主要看兩個可執行文件中都有的符號 __asan_report_load4 和 __asan_init，可以看到 GCC 生成的可執行文件動態鏈接 ASan 庫，LLVM 靜態鏈接。

符號化輸出

AddressSanitizer 收集如下事件的調用棧：

• malloc 和 malloc
• 線程創建
• 失敗

malloc 和 malloc 發生的相對頻繁，且它對于快速解開調用棧非常重要。AddressSanitizer 使用一個依賴幀指針的簡單的 unwinder。

如果不關心 malloc/free 調用棧，簡單地完全禁用（使用 malloc_context_size=0 運行時標記）unwinder。

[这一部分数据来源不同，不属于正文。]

lemma second_order_gronwall_zero:
  fixes \<delta> \<epsilon> \<eta> :: "real \<Rightarrow> 'a::real_inner"
  assumes d\<delta>: "\<And>s. (\<delta> has_vector_derivative \<epsilon> s) (at s)"
    and d\<epsilon>: "\<And>s. (\<epsilon> has_vector_derivative \<eta> s) (at s)"
    and "K \<ge> 0" and \<eta>_le: "\<And>s. norm (\<eta> s) \<le> K * (norm (\<delta> s) + norm (\<epsilon> s))"
    and "\<delta> 0 = 0" and "\<epsilon> 0 = 0"
  shows "\<delta> t = 0"
proof -
  define e where "e s = \<delta> s \<bullet> \<delta> s + \<epsilon> s \<bullet> \<epsilon> s" for s
  have de: "DERIV e s :> 2 * (\<delta> s \<bullet> \<epsilon> s) + 2 * (\<epsilon> s \<bullet> \<eta> s)" for s
    using has_vector_derivative_add[OF bounded_bilinear.has_vector_derivative[OF bounded_bilinear_inner d\<delta> d\<delta>]
        bounded_bilinear.has_vector_derivative[OF bounded_bilinear_inner d\<epsilon> d\<epsilon>]]
    unfolding e_def[abs_def] by (simp add: has_real_derivative_iff_has_vector_derivative inner_commute)
  have "\<bar>2 * (\<delta> s \<bullet> \<epsilon> s) + 2 * (\<epsilon> s \<bullet> \<eta> s)\<bar> \<le> (1 + 3 * K) * e s" for s
  proof -
    have "\<bar>2 * (\<delta> s \<bullet> \<epsilon> s) + 2 * (\<epsilon> s \<bullet> \<eta> s)\<bar> \<le> 2 * norm (\<delta> s) * norm (\<epsilon> s) + 2 * norm (\<epsilon> s) * norm (\<eta> s)"
      using Cauchy_Schwarz_ineq2[of "\<delta> s" "\<epsilon> s"] Cauchy_Schwarz_ineq2[of "\<epsilon> s" "\<eta> s"] by linarith
    also have "\<dots> \<le> (1 + 3 * K) * ((norm (\<delta> s))\<^sup>2 + (norm (\<epsilon> s))\<^sup>2)"
      by (rule energy_derivative_le[OF norm_ge_zero norm_ge_zero \<open>K \<ge> 0\<close> \<eta>_le])
    finally show ?thesis by (simp add: e_def power2_norm_eq_inner)
  qed
  then have "e t = 0"
    by (rule gronwall_zero[OF de]) (simp_all add: e_def \<open>\<delta> 0 = 0\<close> \<open>\<epsilon> 0 = 0\<close>)
  then have "\<delta> t \<bullet> \<delta> t = 0"
    using inner_ge_zero[of "\<delta> t"] inner_ge_zero[of "\<epsilon> t"] unfolding e_def by linarith
  then show ?thesis by simp
qed

lemma norm_stiefel: "(U::real^'p^'n) \<in> stiefel \<Longrightarrow> norm U = sqrt (real CARD('p))"
  by (simp add: stiefel_def norm_eq_sqrt_inner frob_inner_eq_inner[symmetric] frob_inner_def
      trace_I)

lemma stiefel_normal_vector:
  fixes Y Z :: "real^'p^'n"
  assumes Y: "Y \<in> stiefel" and normal: "\<And>D. D \<in> stiefel_tangent Y \<Longrightarrow> frob_inner Z D = 0"
  shows "Z = Y ** (transpose Y ** Z)" and "transpose (transpose Y ** Z) = transpose Y ** Z"
proof -
  have YY: "transpose Y ** Y = mat 1" and YY': "X ** transpose Y ** Y = X" for X :: "real^'p^'q"
    using Y by (simp_all add: stiefel_def flip: matrix_mul_assoc)
  have normal': "Z \<bullet> D = 0" if "transpose Y ** D = - (transpose D ** Y)" for D
    using normal[of D] that by (simp add: stiefel_tangent_def frob_inner_eq_inner)
  \<comment> \<open>test against the tangent vectors \<open>Z - Y Y\<^sup>T Z\<close> and \<open>Y (W - W\<^sup>T)\<close> with \<open>W = Y\<^sup>T Z\<close>\<close>
  define W where "W = transpose Y ** Z"
  define D1 where "D1 = Z - Y ** W"
  have tD1: "transpose Y ** D1 = 0" by (simp add: D1_def W_def YY matrix_algebra_simps)
  then have "transpose D1 ** Y = 0" by (metis matrix_transpose_mul transpose_transpose transpose_zero)
  then have "Z \<bullet> D1 = 0" and "(Y ** W) \<bullet> D1 = 0"
    using normal'[of D1] tD1 by (simp_all add: inner_matrix_mult_left)
  then have "D1 \<bullet> D1 = 0" by (simp add: D1_def inner_diff_left)
  then show "Z = Y ** (transpose Y ** Z)" by (simp add: D1_def W_def)
  define V where "V = W - transpose W"
  have "Z \<bullet> (Y ** V) = 0"
    by (rule normal') (simp add: V_def YY YY' matrix_algebra_simps)
  then have "W \<bullet> V = 0" by (simp add: inner_commute[of Z] inner_matrix_mult_left W_def)
  moreover have "transpose W \<bullet> V = - (W \<bullet> V)"
  proof -
    have "transpose W \<bullet> V = transpose (transpose W) \<bullet> transpose V"
      by (rule inner_transpose[symmetric])
    then show ?thesis by (simp add: V_def transpose_diff inner_diff_right)
  qed
  ultimately have "V \<bullet> V = 0" by (simp add: V_def inner_diff_left)
  then show "transpose (transpose Y ** Z) = transpose Y ** Z" by (simp add: V_def W_def)
qed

每個棧幀需要被符號化（當然，如果二進制文件編譯時帶有調試信息）。給定一臺 PC，我們需要輸出：

#0xabcdf function_name file_name.cc:1234

AddressSanitizer 使用 Clang 包中的 llvm-symbolizer 符號化棧追蹤信息（注意理想的 llvm-symbolizer 版本必須與 ASan 運行時庫匹配）。為了使 AddressSanitizer 符號化它的輸出，需要設置 ASAN_SYMBOLIZER_PATH 環境變量指向 llvm-symbolizer 二進制文件，或確保 llvm-symbolizer 在 $PATH 中：

$ ASAN_SYMBOLIZER_PATH=/usr/local/bin/llvm-symbolizer ./a.out ==9442== ERROR: AddressSanitizer heap-use-after-free on address 0x7f7ddab8c084 at pc 0x403c8c bp 0x7fff87fb82d0 sp 0x7fff87fb82c8 READ of size 4 at 0x7f7ddab8c084 thread T0#0 0x403c8c in main example_UseAfterFree.cc:4#1 0x7f7ddabcac4d in __libc_start_main ??:0 0x7f7ddab8c084 is located 4 bytes inside of 400-byte region [0x7f7ddab8c080,0x7f7ddab8c210) freed by thread T0 here:#0 0x404704 in operator delete[](void*) ??:0#1 0x403c53 in main example_UseAfterFree.cc:4#2 0x7f7ddabcac4d in __libc_start_main ??:0 previously allocated by thread T0 here:#0 0x404544 in operator new[](unsigned long) ??:0#1 0x403c43 in main example_UseAfterFree.cc:2#2 0x7f7ddabcac4d in __libc_start_main ??:0 ==9442== ABORTING

llvm-symbolizer 符號化工具屬于 llvm 包，Ubuntu 下具體的安裝方法可以參考 LLVM Debian/Ubuntu nightly packages。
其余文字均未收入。